(* Let $r \geq 3$ and $k \geq \max\{r-1,4\}$ be integers. Define the binary word $x_{k,r} = ((01)^{k-1} 00)^{r-3} (01)^{k-1} 0$. Then $|x_{k,r}| = 2k(r-2)-1$, and $x_{k,r}$ contains no $k$-power as a factor and no $r$-antipower as a factor.
   Context: For a word $u$ and integer $k\ge 1$, $u^k$ denotes the concatenation of $k$ copies of $u$. A $k$-power is a word of the form $u^k$ with $u$ nonempty. An $r$-antipower is a word of the form $u_1 u_2 \cdots u_r$ with $|u_1| = \cdots = |u_r|$ and the words $u_1,\dots,u_r$ pairwise distinct. A factor of a word $w$ is a contiguous subword of $w$. $|w|$ denotes the length of $w$. *)

theory Defs
  imports Main
begin

definition word_pow :: "'a list \<Rightarrow> nat \<Rightarrow> 'a list" where
  "word_pow u k = concat (replicate k u)"

definition is_factor :: "'a list \<Rightarrow> 'a list \<Rightarrow> bool" where
  "is_factor v w \<longleftrightarrow> (\<exists>p s. w = p @ v @ s)"

definition is_power :: "nat \<Rightarrow> 'a list \<Rightarrow> bool" where
  "is_power k v \<longleftrightarrow> (\<exists>u. u \<noteq> [] \<and> v = word_pow u k)"

definition is_antipower :: "nat \<Rightarrow> 'a list \<Rightarrow> bool" where
  "is_antipower r v \<longleftrightarrow> (\<exists>us :: 'a list list. length us = r \<and> v = concat us \<and>
      (\<forall>i<r. \<forall>j<r. length (us ! i) = length (us ! j)) \<and> distinct us)"

definition x_word :: "nat \<Rightarrow> nat \<Rightarrow> nat list" where
  "x_word k r = word_pow (word_pow [0,1] (k-1) @ [0,0]) (r-3) @ word_pow [0,1] (k-1) @ [0]"

end

theory Submission
  imports Defs
begin

text \<open>
  The word \<open>x\<^sub>k\<^sub>,\<^sub>r\<close> is the prefix of length \<open>2k(r-2) - 1\<close> of the periodic word
  \<open>((01)\<^sup>k\<^sup>-\<^sup>1 00)\<^sup>\<omega>\<close>. In that word every 1 is isolated, and a factor 00 starts at position \<open>i\<close>
  exactly when \<open>i mod 2k \<in> {2k-2, 2k-1}\<close>; two such positions at distance \<open>p\<close> with
  \<open>1 < p < 2k-1\<close> do not exist.

  A factor \<open>u\<^sup>k\<close> has period \<open>p = |u|\<close>, and its length forces \<open>p < 2k-2\<close>. For \<open>p = 1\<close> it would
  contain 0000, which is absent; for \<open>p \<ge> 2\<close> it is long enough to contain a factor 00 together
  with its translate by \<open>p\<close> in one direction or the other, which is impossible.

  In an \<open>r\<close>-antipower with blocks of length \<open>p\<close>, a block without a factor 00 alternates
  between 0 and 1, so it is determined by its first letter: at most two blocks are of this kind.
  Every other block contains a position \<open>\<equiv> 2k-1 (mod 2k)\<close>; the blocks are disjoint and
  only \<open>r - 3\<close> such positions lie in \<open>x\<^sub>k\<^sub>,\<^sub>r\<close>, so \<open>r \<le> 2 + (r - 3)\<close>.
\<close>

lemma length_word_pow [simp]: "length (word_pow u n) = n * length u"
  by (induction n) (simp_all add: word_pow_def)

lemma word_pow_Suc: "word_pow u (Suc n) = u @ word_pow u n"
  by (simp add: word_pow_def)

What is required >> Find the word "length" in the entries. Copy each line that holds it.

Exercise result >>
   Context: For a word $u$ and integer $k\ge 1$, $u^k$ denotes the concatenation of $k$ copies of $u$. A $k$-power is a word of the form $u^k$ with $u$ nonempty. An $r$-antipower is a word of the form $u_1 u_2 \cdots u_r$ with $|u_1| = \cdots = |u_r|$ and the words $u_1,\dots,u_r$ pairwise distinct. A factor of a word $w$ is a contiguous subword of $w$. $|w|$ denotes the length of $w$. *)
  "is_antipower r v \<longleftrightarrow> (\<exists>us :: 'a list list. length us = r \<and> v = concat us \<and>
      (\<forall>i<r. \<forall>j<r. length (us ! i) = length (us ! j)) \<and> distinct us)"
  The word \<open>x\<^sub>k\<^sub>,\<^sub>r\<close> is the prefix of length \<open>2k(r-2) - 1\<close> of the periodic word
  A factor \<open>u\<^sup>k\<close> has period \<open>p = |u|\<close>, and its length forces \<open>p < 2k-2\<close>. For \<open>p = 1\<close> it would
  In an \<open>r\<close>-antipower with blocks of length \<open>p\<close>, a block without a factor 00 alternates
lemma length_word_pow [simp]: "length (word_pow u n) = n * length u"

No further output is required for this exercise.